PROBLEM DESCRIPTION:
Below are some entries. Copy each line that holds the string "omega".

PROVIDED RECORDS:
☆ ☆ ☆ ☆ ☆ ☆ ☆
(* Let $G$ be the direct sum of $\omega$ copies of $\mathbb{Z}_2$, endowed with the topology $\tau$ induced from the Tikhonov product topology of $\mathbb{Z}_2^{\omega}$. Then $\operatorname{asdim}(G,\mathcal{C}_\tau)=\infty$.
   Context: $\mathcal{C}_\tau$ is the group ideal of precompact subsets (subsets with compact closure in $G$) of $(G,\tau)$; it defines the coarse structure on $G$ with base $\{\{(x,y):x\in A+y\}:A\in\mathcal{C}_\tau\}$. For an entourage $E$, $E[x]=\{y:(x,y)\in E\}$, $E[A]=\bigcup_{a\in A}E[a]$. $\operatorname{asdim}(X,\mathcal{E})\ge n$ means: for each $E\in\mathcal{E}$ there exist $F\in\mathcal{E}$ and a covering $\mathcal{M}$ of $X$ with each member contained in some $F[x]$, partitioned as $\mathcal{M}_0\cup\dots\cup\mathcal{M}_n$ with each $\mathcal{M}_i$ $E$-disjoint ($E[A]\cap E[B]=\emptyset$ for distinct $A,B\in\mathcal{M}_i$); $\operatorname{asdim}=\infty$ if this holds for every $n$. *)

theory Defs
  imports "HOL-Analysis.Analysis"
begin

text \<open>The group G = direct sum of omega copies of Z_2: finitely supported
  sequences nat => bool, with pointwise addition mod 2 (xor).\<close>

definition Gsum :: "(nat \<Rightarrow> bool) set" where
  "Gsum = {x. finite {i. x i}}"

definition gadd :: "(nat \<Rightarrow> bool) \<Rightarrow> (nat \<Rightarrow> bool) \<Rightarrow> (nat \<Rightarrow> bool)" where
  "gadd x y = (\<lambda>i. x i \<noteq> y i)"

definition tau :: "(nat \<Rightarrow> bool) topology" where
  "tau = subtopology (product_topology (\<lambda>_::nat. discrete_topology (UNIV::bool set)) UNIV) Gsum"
☆ ☆ ☆ ☆ ☆ ☆ ☆
TASK OUTPUT:
(* Let $G$ be the direct sum of $\omega$ copies of $\mathbb{Z}_2$, endowed with the topology $\tau$ induced from the Tikhonov product topology of $\mathbb{Z}_2^{\omega}$. Then $\operatorname{asdim}(G,\mathcal{C}_\tau)=\infty$.
text \<open>The group G = direct sum of omega copies of Z_2: finitely supported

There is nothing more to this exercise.